Everyone knows that Windows is installed on the vast majority of computers, but it’s always interesting to be reminded of what a cash cow the OS has been for Redmond. According to Gartner, Microsoft owned 78.6 percent of the global market revenue share for desktop operating systems at the end of 2010 — revenue up almost 9 percent from 2009. That means, of the $30.4 billion in revenue that various companies generated, $23.8 billion lined Microsoft’s coffers. But while Windows remains the kingpin, Mac OS X and — wait for it — Red Hat, posted more substantial gains. Apple’s market revenue shot up almost 16 percent to 1.7 percent, Red Hat surged 18 percent, while dark horse Oracle leaped from ninth place to fourth, with a 7,683 percent growth in income — no small thanks to its 2009 acquisition of Sun Microsystems. Only one question remains, then — who’s the loser here?
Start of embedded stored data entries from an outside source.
lemma sc_iso_of_basis:
  fixes A :: "'a::field sc"
  assumes d: "det2 u v \<noteq> 0"
    and "sc_mult A u u = lincomb2 a1 b1 u v" "sc_mult A u v = lincomb2 a2 b2 u v"
    and "sc_mult A v u = lincomb2 a3 b3 u v" "sc_mult A v v = lincomb2 a4 b4 u v"
  shows "sc_iso A ((a1,a2,a3,a4),(b1,b2,b3,b4))"
proof -
  define g where "g x = lincomb2 (fst x) (snd x) u v" for x
  have "inj g" unfolding g_def by (rule injI) (metis lincomb2_unique[OF d] prod.expand)
  moreover have "surj g" unfolding g_def
    by (rule surjI[where f="\<lambda>w. (det2 w v / det2 u v, det2 u w / det2 u v)"])
      (simp add: lincomb2_coords[OF d])
  moreover have "linear2 g"
    unfolding linear2_def g_def lincomb2_def vadd2_def vscale2_def by (simp add: algebra_simps)
  moreover have "g (sc_mult ((a1,a2,a3,a4),(b1,b2,b3,b4)) x y) = sc_mult A (g x) (g y)" for x y
    unfolding g_def sc_mult_lincomb2 assms(2-5)
    by (cases x, cases y) (simp add: lincomb2_def algebra_simps)
  ultimately have "sc_iso ((a1,a2,a3,a4),(b1,b2,b3,b4)) A"
    unfolding sc_iso_def bij_def by blast
  then show ?thesis by (rule sc_iso_sym)
qed

lemma sc_iso_structure_constants:
  fixes A :: "'a::field sc"
  assumes d: "det2 u v \<noteq> 0"
  obtains a1 a2 a3 a4 b1 b2 b3 b4 where "sc_iso A ((a1,a2,a3,a4),(b1,b2,b3,b4))"
    "sc_mult A u u = lincomb2 a1 b1 u v" "sc_mult A u v = lincomb2 a2 b2 u v"
    "sc_mult A v u = lincomb2 a3 b3 u v" "sc_mult A v v = lincomb2 a4 b4 u v"
proof -
  define a where "a w = det2 w v / det2 u v" for w
  define b where "b w = det2 u w / det2 u v" for w
  have coords: "sc_mult A x y = lincomb2 (a (sc_mult A x y)) (b (sc_mult A x y)) u v" for x y
    unfolding a_def b_def using lincomb2_coords[OF d] by simp
  show thesis
    by (rule that[OF sc_iso_of_basis[OF d coords coords coords coords] coords coords coords coords])
qed

definition sc_iso_listed :: "'a::field sc \<Rightarrow> bool" where
  "sc_iso_listed A \<longleftrightarrow> sc_iso A As1 \<or> (\<exists>b. sc_iso A (As2 b)) \<or> sc_iso A As3 \<or>
        (\<exists>b. sc_iso A (As4 b)) \<or> sc_iso A As5 \<or> sc_iso A As6"

lemma sc_iso_listed_iso: "sc_iso A B \<Longrightarrow> sc_iso_listed B \<Longrightarrow> sc_iso_listed A"
  unfolding sc_iso_listed_def by (meson sc_iso_trans)

lemma sc_iso_listed_if_e1_square_e2:
  fixes a2 :: "'a::field"
  assumes assoc: "sc_assoc ((0,a2,a3,a4),(1,b2,b3,b4))"
  shows "sc_iso_listed ((0,a2,a3,a4),(1,b2,b3,b4))"
proof -
  let ?B = "((0,a2,a3,a4),(1,b2,b3,b4))"
  have "sc_mult ?B (sc_mult ?B (1,0) (1,0)) x = sc_mult ?B (1,0) (sc_mult ?B (1,0) x)" for x
    using assoc unfolding sc_assoc_def by blast
  from this[of "(1,0)"] this[of "(0,1)"]
  have a3: "a3 = a2" "b3 = b2" and a4: "a4 = a2*b2" "b4 = a2 + b2*b2"
    by (simp_all add: algebra_simps)
  show ?thesis
  proof (cases "a2 = 0"; cases "b2 = 0")
    assume "a2 = 0" "b2 = 0"
    then have "?B = As1" using a3 a4 by (simp add: As1_def)
    then show ?thesis unfolding sc_iso_listed_def using sc_iso_refl by metis
  next
    assume "a2 = 0" "b2 \<noteq> 0"
    then have "sc_iso ?B As5" unfolding As5_def
      by (intro sc_iso_of_basis[where u="(0,1/b2^2)" and v="(1,-1/b2)"])
        (use a3 a4 in \<open>simp_all add: det2_def lincomb2_def field_simps power2_eq_square\<close>)
    then show ?thesis unfolding sc_iso_listed_def by blast
  next
    assume "a2 \<noteq> 0" "b2 = 0"
    then have "sc_iso ?B (As2 a2)" unfolding As2_def
      by (intro sc_iso_of_basis[where u="(1,0)" and v="(0,1/a2)"])
        (use a3 a4 in \<open>simp_all add: det2_def lincomb2_def field_simps\<close>)
    then show ?thesis unfolding sc_iso_listed_def by blast
  next
    assume "a2 \<noteq> 0" "b2 \<noteq> 0"
    then have "sc_iso ?B (As4 (a2/b2^2))" unfolding As4_def
      by (intro sc_iso_of_basis[where u="(1/b2,0)" and v="(-b2/a2,1/a2)"])
        (use a3 a4 in \<open>simp_all add: det2_def lincomb2_def field_simps power2_eq_square\<close>)
    then show ?thesis unfolding sc_iso_listed_def by blast
  qed
qed

lemma sc_iso_listed_if_e1_idempotent:
  fixes a2 :: "'a::field"
  assumes assoc: "sc_assoc ((1,a2,a3,0),(0,b2,b3,b4))"
  shows "sc_iso_listed ((1,a2,a3,0),(0,b2,b3,b4))"
proof -
  let ?B = "((1,a2,a3,0),(0,b2,b3,b4))"
  have A: "sc_mult ?B (sc_mult ?B x y) z = sc_mult ?B x (sc_mult ?B y z)" for x y z
    using assoc unfolding sc_assoc_def by blast
  have e112: "a2*b2 = 0" "b2*b2 = b2" using A[of "(1,0)" "(1,0)" "(0,1)"] by (simp_all add: algebra_simps)
  have e211: "a3*b3 = 0" "b3*b3 = b3" using A[of "(0,1)" "(1,0)" "(1,0)"] by (simp_all add: algebra_simps)
  have e121: "a2 + b2*a3 = a3 + b3*a2" using A[of "(1,0)" "(0,1)" "(1,0)"] by (simp add: algebra_simps)
  have e221: "b4*a3 = a3*a3" using A[of "(0,1)" "(0,1)" "(1,0)"] by (simp add: algebra_simps)
  have e212: "a3*b2 + b3*b4 = a2*b3 + b2*b4" using A[of "(0,1)" "(1,0)" "(0,1)"] by (simp add: algebra_simps)
  have b2: "b2 = 0 \<or> b2 = 1" and b3: "b3 = 0 \<or> b3 = 1"
    using e112(2) e211(2) by (metis mult_cancel_right1 mult_zero_left)+
  consider "b2 = 1" "b3 = 1" | "b2 = 1" "b3 = 0" | "b2 = 0" "b3 = 1" | "b2 = 0" "b3 = 0"
    using b2 b3 by blast
  then show ?thesis
  proof cases
    case 1
    then have a: "a2 = 0" "a3 = 0" using e112 e211 by simp_all
    show ?thesis
    proof (cases "b4 = 0")
      case True
      then have "sc_iso ?B (As2 0)" unfolding As2_def
        by (intro sc_iso_of_basis[where u="(0,1)" and v="(1,0)"])
          (use a 1 in \<open>simp_all add: det2_def lincomb2_def\<close>)
      then show ?thesis unfolding sc_iso_listed_def by blast
    next
      case False
      then have "sc_iso ?B (As4 0)" unfolding As4_def
        by (intro sc_iso_of_basis[where u="(0,1/b4)" and v="(1,0)"])
          (use a 1 in \<open>simp_all add: det2_def lincomb2_def field_simps\<close>)
      then show ?thesis unfolding sc_iso_listed_def by blast
    qed
  next
    case 2
    then have a: "a2 = 0" "b4 = a3" using e112 e212 by simp_all
    have "sc_iso ?B As6" unfolding As6_def
      by (intro sc_iso_of_basis[where u="(1,0)" and v="(-a3,1)"])
        (use a 2 in \<open>simp_all add: det2_def lincomb2_def algebra_simps\<close>)
    then show ?thesis unfolding sc_iso_listed_def by blast
  next
    case 3
    then have a: "a3 = 0" "b4 = a2" using e211 e212 by simp_all
    have "sc_iso ?B As3" unfolding As3_def
      by (intro sc_iso_of_basis[where u="(1,0)" and v="(-a2,1)"])
        (use a 3 in \<open>simp_all add: det2_def lincomb2_def algebra_simps\<close>)
    then show ?thesis unfolding sc_iso_listed_def by blast
  next
    case 4
    then have a: "a2 = a3" using e121 by simp
    show ?thesis
    proof (cases "b4 = 0")
      case True
      then have "a3 = 0" using e221 by simp
      then have "sc_iso ?B As5" unfolding As5_def
        by (intro sc_iso_of_basis[where u="(1,0)" and v="(0,1)"])
          (use a 4 True in \<open>simp_all add: det2_def lincomb2_def\<close>)
      then show ?thesis unfolding sc_iso_listed_def by blast
    next
      case False
      then have "sc_iso ?B (As4 0)" unfolding As4_def
        by (intro sc_iso_of_basis[where u="(1,0)" and v="(1 - a3/b4,1/b4)"])
          (use a 4 e221 in \<open>simp_all add: det2_def lincomb2_def field_simps power2_eq_square\<close>)
      then show ?thesis unfolding sc_iso_listed_def by blast
    qed
  qed
qed

lemma sc_trivial_if_squares_vanish:
  fixes A :: "'a::field sc"
  assumes assoc: "sc_assoc A" and squares: "\<And>x. sc_mult A x x = (0,0)"
  shows "\<not> sc_nontrivial A"
proof -
  obtain a1 a2 a3 a4 b1 b2 b3 b4 where A: "A = ((a1,a2,a3,a4),(b1,b2,b3,b4))"
    by (metis prod.exhaust)
  have diag: "a1 = 0" "b1 = 0" "a4 = 0" "b4 = 0"
    using squares[of "(1,0)"] squares[of "(0,1)"] by (simp_all add: A)
  then have anti: "a3 = - a2" "b3 = - b2"
    using squares[of "(1,1)"] by (simp_all add: A eq_neg_iff_add_eq_0 add.commute)
  have "b2*b2 = 0" "a3*a3 = 0"
    using assoc[unfolded sc_assoc_def, rule_format, of "(1,0)" "(1,0)" "(0,1)"]
      assoc[unfolded sc_assoc_def, rule_format, of "(0,1)" "(0,1)" "(1,0)"]
    by (simp_all add: A diag)
  then have "A = ((0,0,0,0),(0,0,0,0))" using A diag anti by simp
  then show ?thesis by (simp add: sc_nontrivial_def)
qed

lemma sc_iso_listed_if_square_independent:
  assumes assoc: "sc_assoc A" and x: "det2 x (sc_mult A x x) \<noteq> 0"
  shows "sc_iso_listed A"
proof -
  obtain a1 a2 a3 a4 b1 b2 b3 b4 where iso: "sc_iso A ((a1,a2,a3,a4),(b1,b2,b3,b4))"
    and "sc_mult A x x = lincomb2 a1 b1 x (sc_mult A x x)"
    using sc_iso_structure_constants[OF x] by metis
  then have "lincomb2 a1 b1 x (sc_mult A x x) = lincomb2 0 1 x (sc_mult A x x)"
    by (simp add: lincomb2_def)
  then have "a1 = 0" "b1 = 1" using lincomb2_unique[OF x] by blast+
  then show ?thesis
    using sc_iso_listed_if_e1_square_e2 sc_assoc_iso[OF iso assoc] sc_iso_listed_iso[OF iso] by blast
qed

lemma idempotent_if_square_dependent:
  assumes "det2 x (sc_mult A x x) = 0" "sc_mult A x x \<noteq> (0,0)"
  obtains e where "sc_mult A e e = e" "e \<noteq> (0,0)"
proof -
  have "x \<noteq> (0,0)" using assms(2) by (auto simp: sc_mult_def split: prod.splits)
  then obtain l where l: "sc_mult A x x = vscale2 l x" using det2_eq_0_imp_scaled assms(1) by blast
  with assms(2) have "l \<noteq> 0" by (auto simp: vscale2_def)
  then have "sc_mult A (vscale2 (1/l) x) (vscale2 (1/l) x) = vscale2 (1/l) x"
    unfolding sc_mult_vscale2 l by (simp add: vscale2_def field_simps power2_eq_square)
  moreover have "vscale2 (1/l) x \<noteq> (0,0)"
    using \<open>x \<noteq> (0,0)\<close> \<open>l \<noteq> 0\<close> by (cases x) (simp add: vscale2_def)
  ultimately show thesis by (rule that)
qed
Update: Looks like we got this one wrong, folks, as it’s not market share that’s being measured here, but rather revenue share — how much money each company made from its operating systems relative to one another. That means companies that price their operating systems cheaper will be at a disadvantage in the rankings, not to mention those organizations that charge nothing at all — Ubuntu, anyone? Oh, and as some of you have pointed out in comments, there are both desktop and server operating systems in the chart above.

Continue reading Shocker! Microsoft commands 79 percent of worldwide OS revenue (update)

Shocker! Microsoft commands 79 percent of worldwide OS revenue (update) originally appeared on Engadget on Sat, 30 Apr 2011 15:22:00 EDT. Please see our terms for use of feeds.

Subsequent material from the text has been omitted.